INFORMATION GIVEN –
lemma hL_le_subcover_index:
  assumes "hL_le T K" "\<And>d. d \<in> Y \<Longrightarrow> openin T (V d)"
  shows "\<exists>D\<subseteq>Y. D \<lesssim> K \<and> (\<Union>d\<in>Y. V d) \<subseteq> (\<Union>d\<in>D. V d)"
proof -
  let ?S = "\<Union>d\<in>Y. V d"
  have "?S \<subseteq> topspace T"
    using assms(2) openin_subset by blast
  moreover have "\<forall>U\<in>V ` Y. openin (subtopology T ?S) U"
  proof
    fix U
    assume "U \<in> V ` Y"
    then have "openin T U" "U = U \<inter> ?S"
      using assms(2) by blast+
    then show "openin (subtopology T ?S) U"
      unfolding openin_subtopology by blast
  qed
  ultimately have "\<exists>\<V>. \<V> \<subseteq> V ` Y \<and> \<V> \<lesssim> K \<and> ?S \<subseteq> \<Union>\<V>"
    using assms(1) unfolding hL_le_def by blast
  then obtain \<V> where "\<V> \<subseteq> V ` Y" "\<V> \<lesssim> K" "?S \<subseteq> \<Union>\<V>"
    by blast
  moreover obtain D where "D \<subseteq> Y" "inj_on V D" "\<V> = V ` D"
    using \<open>\<V> \<subseteq> V ` Y\<close> unfolding subset_image_inj by blast
  ultimately show ?thesis
    by auto
qed

lemma hd_le_dense_index:
  assumes "hd_le T K" "G ` S \<subseteq> topspace T"
  shows "\<exists>E\<subseteq>S. E \<lesssim> K \<and> (\<forall>s\<in>S. \<forall>W. openin T W \<longrightarrow> G s \<in> W \<longrightarrow> (\<exists>e\<in>E. G e \<in> W))"
proof -
  have "\<exists>D\<subseteq>G ` S. D \<lesssim> K \<and> subtopology T (G ` S) closure_of D = G ` S"
    using assms unfolding hd_le_def by blast
  then obtain D where "D \<subseteq> G ` S" "D \<lesssim> K" and dense: "subtopology T (G ` S) closure_of D = G ` S"
    by blast
  then obtain E where E: "E \<subseteq> S" "inj_on G E" "D = G ` E"
    unfolding subset_image_inj by blast
  have "\<exists>e\<in>E. G e \<in> W" if "s \<in> S" "openin T W" "G s \<in> W" for s W
  proof -
    have "G s \<in> subtopology T (G ` S) closure_of D"
      unfolding dense using \<open>s \<in> S\<close> by (rule imageI)
    then have "\<forall>U. G s \<in> U \<and> openin (subtopology T (G ` S)) U \<longrightarrow> (\<exists>y. y \<in> D \<and> y \<in> U)"
      unfolding in_closure_of by (rule conjunct2)
    moreover have "openin (subtopology T (G ` S)) (W \<inter> G ` S)"
      using \<open>openin T W\<close> by (rule openin_subtopology_Int)
    moreover have "G s \<in> W \<inter> G ` S"
      using \<open>G s \<in> W\<close> \<open>s \<in> S\<close> by simp
    ultimately obtain y where "y \<in> D" "y \<in> W"
      by (meson IntD1)
    then show ?thesis
      using E(3) by auto
  qed
  with E \<open>D \<lesssim> K\<close> show ?thesis
    by auto
qed

lemma hd_leI:
  assumes "\<And>Y. Y \<subseteq> topspace T \<Longrightarrow>
    \<exists>D\<subseteq>Y. D \<lesssim> K \<and> (\<forall>y\<in>Y. \<forall>W. openin T W \<longrightarrow> y \<in> W \<longrightarrow> (\<exists>d\<in>D. d \<in> W))"
  shows "hd_le T K"
  unfolding hd_le_def
proof (intro allI impI)
  fix Y
  assume "Y \<subseteq> topspace T"
  then obtain D where "D \<subseteq> Y" "D \<lesssim> K" and D: "\<forall>y\<in>Y. \<forall>W. openin T W \<longrightarrow> y \<in> W \<longrightarrow> (\<exists>d\<in>D. d \<in> W)"
    using assms by metis
  have "Y \<subseteq> subtopology T Y closure_of D"
  proof
    fix y
    assume "y \<in> Y"
    show "y \<in> subtopology T Y closure_of D"
      unfolding in_closure_of openin_subtopology
      using \<open>y \<in> Y\<close> \<open>Y \<subseteq> topspace T\<close> D \<open>D \<subseteq> Y\<close> by (auto; metis subsetD)
  qed
  moreover have "subtopology T Y closure_of D \<subseteq> Y"
    using closure_of_subset_topspace \<open>Y \<subseteq> topspace T\<close> by fastforce
  ultimately show "\<exists>D\<subseteq>Y. D \<lesssim> K \<and> subtopology T Y closure_of D = Y"
    using \<open>D \<subseteq> Y\<close> \<open>D \<lesssim> K\<close> by blast
qed

lemma hd_le_power_if_hL_le_power:
  fixes ev :: "'x \<Rightarrow> 'y \<Rightarrow> real"
  assumes "infinite K" "\<And>m. hL_le (power_top (pairing_topology ev) m) K"
  shows "hd_le (power_top (pairing_topology (\<lambda>y x. ev x y)) n) K"
proof (rule hd_leI)
  fix Y
  assume Y: "Y \<subseteq> topspace (power_top (pairing_topology (\<lambda>y x. ev x y)) n)"
  define V where "V \<sigma> d = {x \<in> topspace (power_top (pairing_topology ev) (length \<sigma>)). rat_box (\<lambda>y x. ev x y) \<sigma> d x}"
    for \<sigma> d
  have "\<exists>D\<subseteq>Y. D \<lesssim> K \<and> (\<Union>d\<in>Y. V \<sigma> d) \<subseteq> (\<Union>d\<in>D. V \<sigma> d)" for \<sigma>
  proof (rule hL_le_subcover_index[OF assms(2)])
    fix d
    show "openin (power_top (pairing_topology ev) (length \<sigma>)) (V \<sigma> d)"
      unfolding V_def by (rule openin_rat_box_parameters)
  qed
  then obtain D where D: "\<And>\<sigma>. D \<sigma> \<subseteq> Y" "\<And>\<sigma>. D \<sigma> \<lesssim> K"
    "\<And>\<sigma>. (\<Union>d\<in>Y. V \<sigma> d) \<subseteq> (\<Union>d\<in>D \<sigma>. V \<sigma> d)"
    by metis
  let ?D = "\<Union>\<sigma>. D \<sigma>"
  have "\<exists>d\<in>?D. d \<in> W"
    if "y \<in> Y" and W: "openin (power_top (pairing_topology (\<lambda>y x. ev x y)) n) W" "y \<in> W" for y W
  proof -
    obtain \<sigma> x where "rat_box (\<lambda>y x. ev x y) \<sigma> y x" "x \<in> extensional {..<length \<sigma>}"
      and inW: "\<And>y'. y' \<in> topspace (power_top (pairing_topology (\<lambda>y x. ev x y)) n) \<Longrightarrow>
        rat_box (\<lambda>y x. ev x y) \<sigma> y' x \<Longrightarrow> y' \<in> W"
      by (rule openin_power_pairing_topology_rat_box[OF W]) (rule that)
    then have "x \<in> V \<sigma> y"
      unfolding V_def by simp
    then obtain d where "d \<in> D \<sigma>" "x \<in> V \<sigma> d"
      using D(3) \<open>y \<in> Y\<close> by blast
    moreover have "d \<in> topspace (power_top (pairing_topology (\<lambda>y x. ev x y)) n)"
      using \<open>d \<in> D \<sigma>\<close> D(1) Y by blast
    ultimately show ?thesis
      using inW unfolding V_def by blast
  qed
  moreover have "?D \<lesssim> K"
    by (rule countable_UN_lepoll[OF assms(1)]) (simp_all add: D(2))
  moreover have "?D \<subseteq> Y"
    using D(1) by blast
  ultimately show "\<exists>D\<subseteq>Y. D \<lesssim> K \<and>
      (\<forall>y\<in>Y. \<forall>W. openin (power_top (pairing_topology (\<lambda>y x. ev x y)) n) W \<longrightarrow> y \<in> W \<longrightarrow> (\<exists>d\<in>D. d \<in> W))"
    by metis
qed

lemma open_cover_rat_box_refinement:
  assumes Y: "Y \<subseteq> topspace (power_top (pairing_topology ev) n)"
    and \<U>: "\<forall>U\<in>\<U>. openin (subtopology (power_top (pairing_topology ev) n) Y) U" and "Y \<subseteq> \<Union>\<U>"
  obtains U \<tau> F where "\<And>z. z \<in> Y \<Longrightarrow> U z \<in> \<U>"
    "\<And>z. z \<in> Y \<Longrightarrow> rat_box ev (\<tau> z) z (F z)"
    "\<And>z. z \<in> Y \<Longrightarrow> F z \<in> extensional {..<length (\<tau> z)}"
    "\<And>z z'. z \<in> Y \<Longrightarrow> z' \<in> Y \<Longrightarrow> rat_box ev (\<tau> z) z' (F z) \<Longrightarrow> z' \<in> U z"
proof -
  have "\<exists>U \<tau> F. U \<in> \<U> \<and> rat_box ev \<tau> z F \<and> F \<in> extensional {..<length \<tau>} \<and>
      (\<forall>z'\<in>Y. rat_box ev \<tau> z' F \<longrightarrow> z' \<in> U)" if "z \<in> Y" for z
  proof -
    obtain U where "U \<in> \<U>" "z \<in> U"
      using \<open>Y \<subseteq> \<Union>\<U>\<close> \<open>z \<in> Y\<close> by blast
    have "openin (subtopology (power_top (pairing_topology ev) n) Y) U"
      using \<U> \<open>U \<in> \<U>\<close> by (rule bspec)
    then obtain W where W: "openin (power_top (pairing_topology ev) n) W" "U = W \<inter> Y"
      unfolding openin_subtopology by metis
    with \<open>z \<in> U\<close> have "z \<in> W"
      by simp
    obtain \<tau> F where "rat_box ev \<tau> z F" "F \<in> extensional {..<length \<tau>}"
      and in_W: "\<And>z'. z' \<in> topspace (power_top (pairing_topology ev) n) \<Longrightarrow> rat_box ev \<tau> z' F \<Longrightarrow> z' \<in> W"
      by (rule openin_power_pairing_topology_rat_box[OF W(1) \<open>z \<in> W\<close>]) (rule that)
    moreover have "\<forall>z'\<in>Y. rat_box ev \<tau> z' F \<longrightarrow> z' \<in> U"
      using in_W Y W(2) by blast
    ultimately show ?thesis
      using \<open>U \<in> \<U>\<close> by blast
  qed
  then show thesis
    using that by metis
qed

lemma hL_le_power_if_hd_le_power:
  fixes ev :: "'x \<Rightarrow> 'y \<Rightarrow> real"
  assumes "infinite K" "\<And>m. hd_le (power_top (pairing_topology (\<lambda>y x. ev x y)) m) K"
  shows "hL_le (power_top (pairing_topology ev) n) K"
  unfolding hL_le_def
proof (intro allI impI, elim conjE)
  fix Y \<U>
  assume "Y \<subseteq> topspace (power_top (pairing_topology ev) n)"
    and "\<forall>U\<in>\<U>. openin (subtopology (power_top (pairing_topology ev) n) Y) U" and "Y \<subseteq> \<Union>\<U>"
  then obtain U \<tau> F where U: "\<And>z. z \<in> Y \<Longrightarrow> U z \<in> \<U>"
    and box: "\<And>z. z \<in> Y \<Longrightarrow> rat_box ev (\<tau> z) z (F z)"
    and F: "\<And>z. z \<in> Y \<Longrightarrow> F z \<in> extensional {..<length (\<tau> z)}"
    and box_U: "\<And>z z'. z \<in> Y \<Longrightarrow> z' \<in> Y \<Longrightarrow> rat_box ev (\<tau> z) z' (F z) \<Longrightarrow> z' \<in> U z"
    by (rule open_cover_rat_box_refinement) (rule that)
  have dense: "\<forall>\<sigma>. \<exists>E\<subseteq>{y \<in> Y. \<tau> y = \<sigma>}. E \<lesssim> K \<and> (\<forall>s\<in>{y \<in> Y. \<tau> y = \<sigma>}. \<forall>W.
      openin (power_top (pairing_topology (\<lambda>y x. ev x y)) (length \<sigma>)) W \<longrightarrow> F s \<in> W \<longrightarrow> (\<exists>e\<in>E. F e \<in> W))"
    using F by (intro allI hd_le_dense_index[OF assms(2)]) auto
  obtain E where E: "\<forall>\<sigma>. E \<sigma> \<subseteq> {y \<in> Y. \<tau> y = \<sigma>} \<and> E \<sigma> \<lesssim> K \<and> (\<forall>s\<in>{y \<in> Y. \<tau> y = \<sigma>}. \<forall>W.
      openin (power_top (pairing_topology (\<lambda>y x. ev x y)) (length \<sigma>)) W \<longrightarrow> F s \<in> W \<longrightarrow> (\<exists>e\<in>E \<sigma>. F e \<in> W))"
    using choice[OF dense] by (elim exE) (rule that)
  let ?E = "\<Union>\<sigma>. E \<sigma>"
  have "Y \<subseteq> \<Union>(U ` ?E)"
  proof
    fix z
    assume "z \<in> Y"
    let ?W = "{G \<in> topspace (power_top (pairing_topology (\<lambda>y x. ev x y)) (length (\<tau> z))). rat_box ev (\<tau> z) z G}"
    have "openin (power_top (pairing_topology (\<lambda>y x. ev x y)) (length (\<tau> z))) ?W"
      by (rule openin_rat_box_parameters)
    moreover have "F z \<in> ?W"
      using box F \<open>z \<in> Y\<close> by simp
    moreover have "\<forall>W. openin (power_top (pairing_topology (\<lambda>y x. ev x y)) (length (\<tau> z))) W \<longrightarrow>
        F z \<in> W \<longrightarrow> (\<exists>e\<in>E (\<tau> z). F e \<in> W)"
      using E \<open>z \<in> Y\<close> by simp
    ultimately obtain e where "e \<in> E (\<tau> z)" "F e \<in> ?W"
      by auto
    moreover have "e \<in> Y" "\<tau> e = \<tau> z"
      using E \<open>e \<in> E (\<tau> z)\<close> by auto
    ultimately have "z \<in> U e"
      using box_U \<open>z \<in> Y\<close> by simp
    then show "z \<in> \<Union>(U ` ?E)"
      using \<open>e \<in> E (\<tau> z)\<close> by blast
  qed
  moreover have "U ` ?E \<subseteq> \<U>"
    using E U by blast
  moreover have "?E \<lesssim> K"
    by (rule countable_UN_lepoll[OF assms(1)]) (simp_all add: E)
  then have "U ` ?E \<lesssim> K"
    using image_lepoll lepoll_trans by blast
  ultimately show "\<exists>\<V>. \<V> \<subseteq> \<U> \<and> \<V> \<lesssim> K \<and> Y \<subseteq> \<Union>\<V>"
    by blast
qed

TO DO – What lines in the data include the string "metis"? Copy each one.

RESULT FOR THIS EXERCISE –
    using assms by metis
      using \<open>y \<in> Y\<close> \<open>Y \<subseteq> topspace T\<close> D \<open>D \<subseteq> Y\<close> by (auto; metis subsetD)
    by metis
    by metis
      unfolding openin_subtopology by metis
    using that by metis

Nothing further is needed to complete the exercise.